# C++ and linked lists ...



## TypeSK (Mar 16, 2002)

would anyone be willing to help me with my C++ and linked lists?

my problem, is that a couple semesters, we were required to do a linked list ....

i did it, but that was a couple years ago...

now, i have a project, and i am having to implement linked lists.

but i am having problem with one issue.

i was using the linked list implementation from a couple semesters ago, but found one issue. the implementation that i have, would take int as its data type within the linked list. 
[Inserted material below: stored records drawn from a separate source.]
lemma two_large_prime_divisors_4:
  fixes q :: nat
  assumes q: "q \<ge> 3"
  shows "\<exists>r s. r \<noteq> s \<and> {r, s} \<subseteq> large_prime_divisors 4 q"
proof -
  obtain r where r: "prime r" "ord r q = 2 ^ 3"
    using exists_primitive_prime_divisor_two_pow[of q 3] q by auto
  then have "r \<in> large_prime_divisors 4 q"
    using q by (intro large_prime_divisor_if_admissible_order) (auto simp: admissible_order_def)
  obtain p3 where p3: "prime p3" "ord p3 q = 3"
    using exists_primitive_prime_divisor_odd_prime[of q 3] q by auto
  obtain p6 where p6: "prime p6" "ord p6 q = 6"
    using exists_primitive_prime_divisor_6[OF q] by auto
  have "6 dvd p3 - 1" "6 dvd p6 - 1"
    using twice_ord_dvd_prime_minus_one[OF p3] ord_dvd_prime_minus_one[OF p6] by simp_all
  moreover have "p3 \<noteq> p6"
    using p3 p6 by auto
  ultimately obtain s where "s \<in> {p3, p6}" "2 * 6 < s"
    using exists_twice_less_of_two_primes[OF p3(1) p6(1)] by blast
  then have "s \<in> large_prime_divisors 4 q" "r \<noteq> s"
    using p3 p6 q r by (auto intro!: large_prime_divisorI[where i = 3])
  with \<open>r \<in> large_prime_divisors 4 q\<close> show ?thesis
    by blast
qed

section \<open>Numbers whose only prime factors are 2 and 3\<close>

lemma eq_prime_power_if_prime_factors_subset:
  fixes n r :: nat
  assumes n: "n > 0" and sub: "prime_factors n \<subseteq> {r}"
  shows "n = r ^ multiplicity r n"
proof (cases "r \<in> prime_factors n")
  case True
  then have "prime_factors n = {r}"
    using sub by auto
  then show ?thesis
    using prod_prime_factors[of n] n by simp
next
  case False
  then have "prime_factorization n = {#}"
    using sub by auto
  then have "n = 1"
    using n by (simp add: prime_factorization_empty_iff)
  then show ?thesis
    by simp
qed

lemma three_pow_mod_8: "(3::nat) ^ b mod 8 = (if even b then 1 else 3)"
proof (induction b)
  case (Suc b)
  have "(3::nat) ^ Suc b mod 8 = 3 * (3 ^ b mod 8) mod 8"
    by (simp add: mod_mult_right_eq)
  with Suc show ?case
    by auto
qed simp

lemma three_pow_plus_one_eq_two_pow:
  fixes b c :: nat
  assumes eq: "(3::nat) ^ b + 1 = 2 ^ c"
  shows "b = 0 \<and> c = 1 \<or> b = 1 \<and> c = 2"
proof -
  have "\<not> 3 \<le> c"
  proof
    assume "3 \<le> c"
    then have "(2::nat) ^ 3 dvd 2 ^ c"
      by (rule le_imp_power_dvd)
    define x where "x = (3::nat) ^ b"
    have "8 dvd x + 1"
      unfolding x_def eq using \<open>2 ^ 3 dvd 2 ^ c\<close> by simp
    moreover have "x mod 8 = 1 \<or> x mod 8 = 3"
      unfolding x_def using three_pow_mod_8[of b] by simp
    ultimately show False
      by presburger
  qed
  then consider "c = 0" | "c = 1" | "c = 2"
    by linarith
  then show ?thesis
    using eq power_inject_exp[of 3 b 1] by cases auto
qed

lemma three_pow_eq_two_pow_plus_one:
  fixes d j :: nat
  assumes eq: "(3::nat) ^ d = 2 ^ j + 1"
  shows "d = 1 \<and> j = 1 \<or> d = 2 \<and> j = 3"
proof (cases "2 \<le> j")
  case True
  then have "(2::nat) ^ 2 dvd 2 ^ j"
    by (rule le_imp_power_dvd)
  define x where "x = (3::nat) ^ d"
  have "4 dvd x - 1"
    unfolding x_def eq using \<open>2 ^ 2 dvd 2 ^ j\<close> by simp
  moreover have "odd d \<Longrightarrow> x mod 8 = 3"
    unfolding x_def using three_pow_mod_8[of d] by simp
  ultimately have "even d"
    by presburger
  then obtain f where d: "d = 2 * f"
    by blast
  have "(3 ^ f - 1) * (3 ^ f + 1) = ((3::nat) ^ f)\<^sup>2 - 1"
    by (rule square_minus_one_eq_nat[symmetric])
  also have "\<dots> = 3 ^ d - 1"
    by (metis d power_mult mult.commute)
  also have "\<dots> = 2 ^ j"
    using eq by simp
  finally have "(3 ^ f - 1) * (3 ^ f + 1) = (2::nat) ^ j" .
  then have "3 ^ f + 1 dvd (2::nat) ^ j"
    by (metis dvd_triv_right)
  then obtain i where "3 ^ f + 1 = (2::nat) ^ i"
    using divides_primepow_nat[of 2] by auto
  then have "f = 0 \<or> f = 1"
    using three_pow_plus_one_eq_two_pow by blast
  then show ?thesis
    using eq d power_inject_exp[of 2 j 3] by auto
next
  case False
  then consider "j = 0" | "j = 1"
    by linarith
  moreover have "odd ((3::nat) ^ d)"
    by simp
  ultimately show ?thesis
    using eq power_inject_exp[of 3 d 1] by cases auto
qed

text \<open>Of two consecutive numbers one is odd, hence a power of \<open>3\<close>, and the other is then
  prime to \<open>3\<close>, hence a power of \<open>2\<close>.\<close>

lemma consecutive_two_three_smooth:
  fixes n :: nat
  assumes n: "n > 0" and smooth: "prime_factors n \<subseteq> {2, 3}" "prime_factors (n + 1) \<subseteq> {2, 3}"
  shows "n \<in> {1, 2, 3, 8}"
proof -
  have pow3: "x = 3 ^ multiplicity 3 x" if "odd x" "x > 0" "prime_factors x \<subseteq> {2, 3}" for x :: nat
    using that by (intro eq_prime_power_if_prime_factors_subset) (auto simp: in_prime_factors_iff)
  have pow2: "x = 2 ^ multiplicity 2 x" if "\<not> 3 dvd x" "x > 0" "prime_factors x \<subseteq> {2, 3}" for x :: nat
    using that by (intro eq_prime_power_if_prime_factors_subset) (auto simp: in_prime_factors_iff)
  show ?thesis
  proof (cases "even n")
    case True
    define b where "b = multiplicity 3 (n + 1)"
    have b: "n + 1 = 3 ^ b"
      unfolding b_def using True smooth(2) by (intro pow3) auto
    then have "b \<noteq> 0"
      using n by (intro notI) simp
    then have "3 dvd n + 1"
      unfolding b by simp
    then have "n = 2 ^ multiplicity 2 n"
      using n smooth(1) by (intro pow2) presburger+
    then show ?thesis
      using three_pow_eq_two_pow_plus_one[of b "multiplicity 2 n"] b by auto
  next
    case False
    define b where "b = multiplicity 3 n"
    have b: "n = 3 ^ b"
      unfolding b_def using False n smooth(1) by (intro pow3) auto
    show ?thesis
    proof (cases "b = 0")
      case True
      then show ?thesis
        using b by simp
    next
      case False
      then have "3 dvd n"
        unfolding b by simp
      then have "n + 1 = 2 ^ multiplicity 2 (n + 1)"
        using smooth(2) by (intro pow2) presburger+
      then show ?thesis
        using three_pow_plus_one_eq_two_pow[of b "multiplicity 2 (n + 1)"] b by auto
    qed
  qed
qed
but now, i need to use structs instead of ints, so converting it to take structs is a little harder?

here is my basic setup (try to explain it best i can):

files:
main.cpp (program itself)
linkedli.cpp <--
linkedli.h <--class to implement the linked list functions
node.cpp <--
node.h <--class to implement the node containing the pointer to next element and data itself

is there an easy way of converting it?

only functions i need to implement is to add data to the end of the list, retrieve from the front of the list, print the whole list, and peek into the front of the list. (basically a queue).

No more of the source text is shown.